Hello to LAMMPS users,

I am currently facing an error as shown below while running a friction simulation using the KOKKOS package with a NVIDIA RTX 4090 GPU.

"cudaStreamSynchronize(stream) error( cudaErrorIllegalAddress): an illegal memory access was encountered /home/name/lammps-22Jul2025/lib/kokkos/core/src/Cuda/Kokkos_Cuda_Instance.cpp:165
Backtrace:
[0x64ad65f2d389]
[0x64ad65f09bb0]
[0x64ad65f33216]
[0x64ad65f33bb9]
[0x64ad65cf3d91]
[0x64ad65cf4138]
[0x64ad65d065f2]
[0x64ad65d08865]
[0x64ad652d62dd]
[0x64ad644b0e14]
[0x64ad63e9e727]
[0x64ad63d6737b]
[0x64ad63d67d7f]
[0x64ad63ccecb1]
[0x76a65ea2a1ca]
[0x76a65ea2a28b] __libc_start_main
[0x64ad63d5a915]
**[DESKTOP-20TF71N:192096] *** Process received signal *****
[DESKTOP-20TF71N:192096] Signal: Aborted (6)
[DESKTOP-20TF71N:192096] Signal code: (-6)
[DESKTOP-20TF71N:192096] [ 0] /lib/x86_64-linux-gnu/libc.so.6(+0x45330)[0x76a65ea45330]
[DESKTOP-20TF71N:192096] [ 1] /lib/x86_64-linux-gnu/libc.so.6(pthread_kill+0x11c)[0x76a65ea9eb2c]
[DESKTOP-20TF71N:192096] [ 2] /lib/x86_64-linux-gnu/libc.so.6(gsignal+0x1e)[0x76a65ea4527e]
[DESKTOP-20TF71N:192096] [ 3] /lib/x86_64-linux-gnu/libc.so.6(abort+0xdf)[0x76a65ea288ff]
[DESKTOP-20TF71N:192096] [ 4] lmp(+0x2469bbd)[0x64ad65f09bbd]
[DESKTOP-20TF71N:192096] [ 5] lmp(+0x2493216)[0x64ad65f33216]
[DESKTOP-20TF71N:192096] [ 6] lmp(+0x2493bb9)[0x64ad65f33bb9]
[DESKTOP-20TF71N:192096] [ 7] lmp(+0x2253d91)[0x64ad65cf3d91]
[DESKTOP-20TF71N:192096] [ 8] lmp(+0x2254138)[0x64ad65cf4138]
[DESKTOP-20TF71N:192096] [ 9] lmp(+0x22665f2)[0x64ad65d065f2]
[DESKTOP-20TF71N:192096] [10] lmp(+0x2268865)[0x64ad65d08865]
[DESKTOP-20TF71N:192096] [11] lmp(+0x18362dd)[0x64ad652d62dd]
[DESKTOP-20TF71N:192096] [12] lmp(+0xa10e14)[0x64ad644b0e14]
[DESKTOP-20TF71N:192096] [13] lmp(+0x3fe727)[0x64ad63e9e727]
[DESKTOP-20TF71N:192096] [14] lmp(+0x2c737b)[0x64ad63d6737b]
[DESKTOP-20TF71N:192096] [15] lmp(+0x2c7d7f)[0x64ad63d67d7f]
[DESKTOP-20TF71N:192096] [16] lmp(+0x22ecb1)[0x64ad63ccecb1]
[DESKTOP-20TF71N:192096] [17] /lib/x86_64-linux-gnu/libc.so.6(+0x2a1ca)[0x76a65ea2a1ca]
[DESKTOP-20TF71N:192096] [18] /lib/x86_64-linux-gnu/libc.so.6(__libc_start_main+0x8b)[0x76a65ea2a28b]
[DESKTOP-20TF71N:192096] [19] lmp(+0x2ba915)[0x64ad63d5a915]
**[DESKTOP-20TF71N:192096] *** End of error message *****
--------------------------------------------------------------------------
prterun noticed that process rank 0 with PID 192096 on node DESKTOP-20TF71N exited on
signal 6 (Aborted).
--------------------------------------------------------------------------"

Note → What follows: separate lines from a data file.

(* Let $n\ge3$. For $\alpha\in[1,\sqrt2]$ the center density of $D_n^\alpha$ satisfies $\delta(\mathbb{Z}^n)\le\delta(D_n^\alpha)\le\delta(D_n)$, i.e. $2^{-n}\le\delta(D_n^\alpha)\le 2^{-n/2-1}$, with the upper bound attained at $\alpha=1$ and the lower bound at $\alpha=\sqrt2$. Moreover, $\alpha\mapsto\delta(D_n^\alpha)$ is strictly decreasing on $[1,\sqrt2]$.
   Context: Let $\mathbf{e}_1,\dots,\mathbf{e}_n$ be the standard basis of $\mathbb{R}^n$. For $n\ge3$, $1\le\alpha\le\sqrt2$ and $\overline\alpha:=\sqrt{2-\alpha^2}$, $D_n^\alpha$ is the lattice with basis $\mathbf{b}_1=\alpha\mathbf{e}_1+\overline\alpha\mathbf{e}_2$, $\mathbf{b}_2=\alpha\mathbf{e}_2+\overline\alpha\mathbf{e}_3$, $\mathbf{b}_3=\overline\alpha\mathbf{e}_1+\alpha\mathbf{e}_3$, $\mathbf{b}_4=\overline\alpha\mathbf{e}_3-\alpha\mathbf{e}_4$, and $\mathbf{b}_k=\overline\alpha\mathbf{e}_{k-1}-\alpha\mathbf{e}_k$ for $5\le k\le n$; $D_n^1=D_n=\{\mathbf{x}\in\mathbb{Z}^n:\sum x_i\equiv0\pmod 2\}$ up to congruence and $D_n^{\sqrt2}=\sqrt2\mathbb{Z}^n$. Center density: $\delta(\Lambda)=\lambda_1(\Lambda)^n/(2^n\operatorname{vol}(\Lambda))$. *)

theory Defs
  imports Complex_Main "Jordan_Normal_Form.Determinant"
begin

text \<open>Vectors of R^n are represented as functions nat => real, with coordinates indexed by 1..n
  (all other coordinates are 0 for the vectors considered here).\<close>

definition std_e :: "nat \<Rightarrow> nat \<Rightarrow> real" where
  "std_e i = (\<lambda>j. if j = i then 1 else 0)"

definition alpha_bar :: "real \<Rightarrow> real" where
  "alpha_bar a = sqrt (2 - a\<^sup>2)"

definition Dalpha_basis :: "real \<Rightarrow> nat \<Rightarrow> nat \<Rightarrow> real" where
  "Dalpha_basis a k =
     (if k = 1 then (\<lambda>j. a * std_e 1 j + alpha_bar a * std_e 2 j)
      else if k = 2 then (\<lambda>j. a * std_e 2 j + alpha_bar a * std_e 3 j)
      else if k = 3 then (\<lambda>j. alpha_bar a * std_e 1 j + a * std_e 3 j)
      else if k = 4 then (\<lambda>j. alpha_bar a * std_e 3 j - a * std_e 4 j)
      else (\<lambda>j. alpha_bar a * std_e (k - 1) j - a * std_e k j))"

definition lattice_of :: "nat \<Rightarrow> (nat \<Rightarrow> nat \<Rightarrow> real) \<Rightarrow> (nat \<Rightarrow> real) set" where
  "lattice_of n b = {v. \<exists>c :: nat \<Rightarrow> int. v = (\<lambda>i. \<Sum>k = 1..n. of_int (c k) * b k i)}"

definition vnorm :: "nat \<Rightarrow> (nat \<Rightarrow> real) \<Rightarrow> real" where
  "vnorm n v = sqrt (\<Sum>i = 1..n. (v i)\<^sup>2)"

definition lambda1 :: "nat \<Rightarrow> (nat \<Rightarrow> nat \<Rightarrow> real) \<Rightarrow> real" where
  "lambda1 n b = Inf {vnorm n v | v. v \<in> lattice_of n b \<and> (\<exists>i\<in>{1..n}. v i \<noteq> 0)}"

definition covol :: "nat \<Rightarrow> (nat \<Rightarrow> nat \<Rightarrow> real) \<Rightarrow> real" where
  "covol n b = \<bar>det (mat n n (\<lambda>(k, i). b (k + 1) (i + 1)))\<bar>"

definition center_density :: "nat \<Rightarrow> (nat \<Rightarrow> nat \<Rightarrow> real) \<Rightarrow> real" where
  "center_density n b = lambda1 n b ^ n / (2 ^ n * covol n b)"

end

theory Submission
  imports Defs
begin

text \<open>The vector \<open>b\<^sub>1\<close> has squared norm 2 and no nonzero lattice vector is shorter.
  The squared norm of the first \<open>n\<close> coordinates of \<open>\<Sum> c\<^sub>k b\<^sub>k\<close> sees the coefficient
  \<open>c\<^sub>n\<^sub>+\<^sub>1\<close> only through the \<open>n\<close>-th coordinate, so the bound propagates by induction on \<open>n\<close>
  from the block spanned by \<open>b\<^sub>1, b\<^sub>2, b\<^sub>3\<close>; hence \<open>\<lambda>\<^sub>1 = \<surd>2\<close> for every \<open>\<alpha>\<close>.
  Beyond that block the basis matrix is triangular, so the covolume is \<open>(\<alpha>\<^sup>3 + \<beta>\<^sup>3) \<alpha>\<^sup>n\<^sup>-\<^sup>3\<close>
  with \<open>\<beta> = \<surd>(2 - \<alpha>\<^sup>2)\<close>. Both factors increase strictly with \<open>\<alpha>\<close> on \<open>[1, \<surd>2]\<close>, so the
  density decreases strictly from its value for \<open>D\<^sub>n\<close> at \<open>\<alpha> = 1\<close> to that of \<open>\<surd>2 \<int>\<^sup>n\<close>.\<close>

lemma det_mat_Suc_expand_last_col:
  "det (mat (Suc n) (Suc n) f :: real mat) =
    (\<Sum>i<Suc n. f (i, n) * (-1) ^ (i + n) *
        det (mat n n (\<lambda>(i', j'). f (if i' < i then i' else Suc i', j'))))"
proof -
  let ?A = "mat (Suc n) (Suc n) f :: real mat"
  have "det ?A = (\<Sum>i<Suc n. ?A $$ (i, n) * cofactor ?A i n)"
    by (rule laplace_expansion_column) auto
  also have "\<dots> = (\<Sum>i<Suc n. f (i, n) * (-1) ^ (i + n) *
        det (mat n n (\<lambda>(i', j'). f (if i' < i then i' else Suc i', j'))))"
  proof (rule sum.cong[OF refl])
    fix i assume i: "i \<in> {..<Suc n}"
    have "mat_delete ?A i n = mat n n (\<lambda>(i', j'). f (if i' < i then i' else Suc i', j'))"
      unfolding mat_delete_def by (rule eq_matI) auto
    then show "?A $$ (i, n) * cofactor ?A i n = f (i, n) * (-1) ^ (i + n) *
        det (mat n n (\<lambda>(i', j'). f (if i' < i then i' else Suc i', j')))"
      using i unfolding cofactor_def by simp
  qed
  finally show ?thesis .
qed

lemma det_mat_3:
  "det (mat 3 3 f :: real mat) =
     f (0,0) * f (1,1) * f (2,2) - f (0,0) * f (2,1) * f (1,2) - f (1,0) * f (0,1) * f (2,2)
   + f (1,0) * f (2,1) * f (0,2) + f (2,0) * f (0,1) * f (1,2) - f (2,0) * f (1,1) * f (0,2)"
  by (simp add: numeral_3_eq_3 numeral_2_eq_2 det_mat_Suc_expand_last_col lessThan_Suc algebra_simps)

lemma alpha_bar_bounds:
  assumes "1 \<le> a" "a \<le> sqrt 2"
  shows "0 \<le> alpha_bar a" "a\<^sup>2 + (alpha_bar a)\<^sup>2 = 2" "alpha_bar a \<le> 1"
proof -
  have "a\<^sup>2 \<le> (sqrt 2)\<^sup>2" using assms by (intro power_mono) auto
  then have a2: "a\<^sup>2 \<le> 2" by simp
  then show "0 \<le> alpha_bar a" unfolding alpha_bar_def by simp
  have sq: "(alpha_bar a)\<^sup>2 = 2 - a\<^sup>2" unfolding alpha_bar_def using a2 by simp
  then show "a\<^sup>2 + (alpha_bar a)\<^sup>2 = 2" by simp
  have "1 \<le> a\<^sup>2" using assms by (simp add: one_le_power)
  then have "(alpha_bar a)\<^sup>2 \<le> 1\<^sup>2" using sq by simp
  then show "alpha_bar a \<le> 1" by (rule power2_le_imp_le) simp
qed

lemma Dalpha_basis_ge_4:
  "4 \<le> k \<Longrightarrow> Dalpha_basis a k j = (if j = k - 1 then alpha_bar a else 0) - (if j = k then a else 0)"
  unfolding Dalpha_basis_def std_e_def by auto

lemma Dalpha_basis_eq_0_beyond:
  "1 \<le> k \<Longrightarrow> k < j \<Longrightarrow> 4 \<le> j \<Longrightarrow> Dalpha_basis a k j = 0"
  unfolding Dalpha_basis_def std_e_def by auto

definition Dalpha_vec :: "real \<Rightarrow> nat \<Rightarrow> (nat \<Rightarrow> int) \<Rightarrow> nat \<Rightarrow> real" where
  "Dalpha_vec a n c = (\<lambda>i. \<Sum>k = 1..n. of_int (c k) * Dalpha_basis a k i)"

text \<open>For \<open>n \<ge> 3\<close> this is the squared norm of the first \<open>n\<close> coordinates of
  \<open>\<Sum>\<^sub>k\<^sub>\<le>\<^sub>n\<^sub>+\<^sub>1 c\<^sub>k b\<^sub>k\<close> with \<open>c\<^sub>n\<^sub>+\<^sub>1 = t\<close>: the vector \<open>b\<^sub>n\<^sub>+\<^sub>1\<close> only adds \<open>alpha_bar a * t\<close> to the
  \<open>n\<close>-th coordinate (and \<open>-a * t\<close> to the next one).\<close>
definition partial_sqnorm :: "real \<Rightarrow> nat \<Rightarrow> (nat \<Rightarrow> int) \<Rightarrow> int \<Rightarrow> real" where
  "partial_sqnorm a n c t = (\<Sum>i = 1..n. (Dalpha_vec a n c i + (if i = n then alpha_bar a * t else 0))\<^sup>2)"

lemma lattice_of_Dalpha_iff: "v \<in> lattice_of n (Dalpha_basis a) \<longleftrightarrow> (\<exists>c. v = Dalpha_vec a n c)"
  unfolding lattice_of_def Dalpha_vec_def by auto

lemma vnorm_Dalpha_vec: "vnorm n (Dalpha_vec a n c) = sqrt (partial_sqnorm a n c 0)"
  unfolding vnorm_def partial_sqnorm_def by (intro arg_cong[where f=sqrt] sum.cong) auto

The current LAMMPS version I am using is Jul22-2025 version
and running in UBUNTU 24.04
The CUDA version is 12.6
And these are the packages I have installed.
“cmake -C …/cmake/presets/basic.cmake -C …/cmake/presets/kokkos-cuda.cmake …/cmake
cmake -D Kokkos_ENABLE_CUDA=yes -D Kokkos_ENABLE_OPENMP=yes -D PKG_KOKKOS=yes -D PKG_MEAM=on -D PKG_MOLECULE=on -D PKG_OPENMP=yes -D GPU_API=cuda -D GPU_ARCH=sm_89 …/cmake”
My input keywords to start the simulation is (just in case)
“mpirun -np 1 lmp -k on g 1 -sf kk -pk kokkos neigh half newton on -in Simulation.lmp”

I have searched this error from here and tried to cool down my GPU when using, (maintaining at about 37~45 degree celsius) but still this error appears every so often.

I still can’t find out why this happens, so it will be grateful if anyone has suggestions or has seen this before.

As far as I read the discussion, the conclusion was not the heat, but one defective GPU (out of 4).

The error is a very generic error from a low level library, so it is very difficult to give any suggestions without the ability to reproduce the error or knowing any details about your simulation.
Some questions:

  • you say you are using the 22 July 2025 version. Is that the original release or the update?
  • does the same error happen with other input decks, e.g. the LAMMPS bench inputs or some of the examples, or only with this one input?
  • does your simulation run to completion without errors, when you are not using KOKKOS?
  1. It was the original release. Did not check it had an update. Should I try the updated version?

  2. It happens only to these (Indentation/Friction) kind of simulation.
    I have done modeling a DLC using the liquid-quenching method with the same potential files, parameter, and KOKKOS, and it ran without error.

  3. Yes, though the amount of atoms and the size of the simulation was different
    (past : 4,000 atoms, current : 20,000 atoms), it ran fine using the CPU.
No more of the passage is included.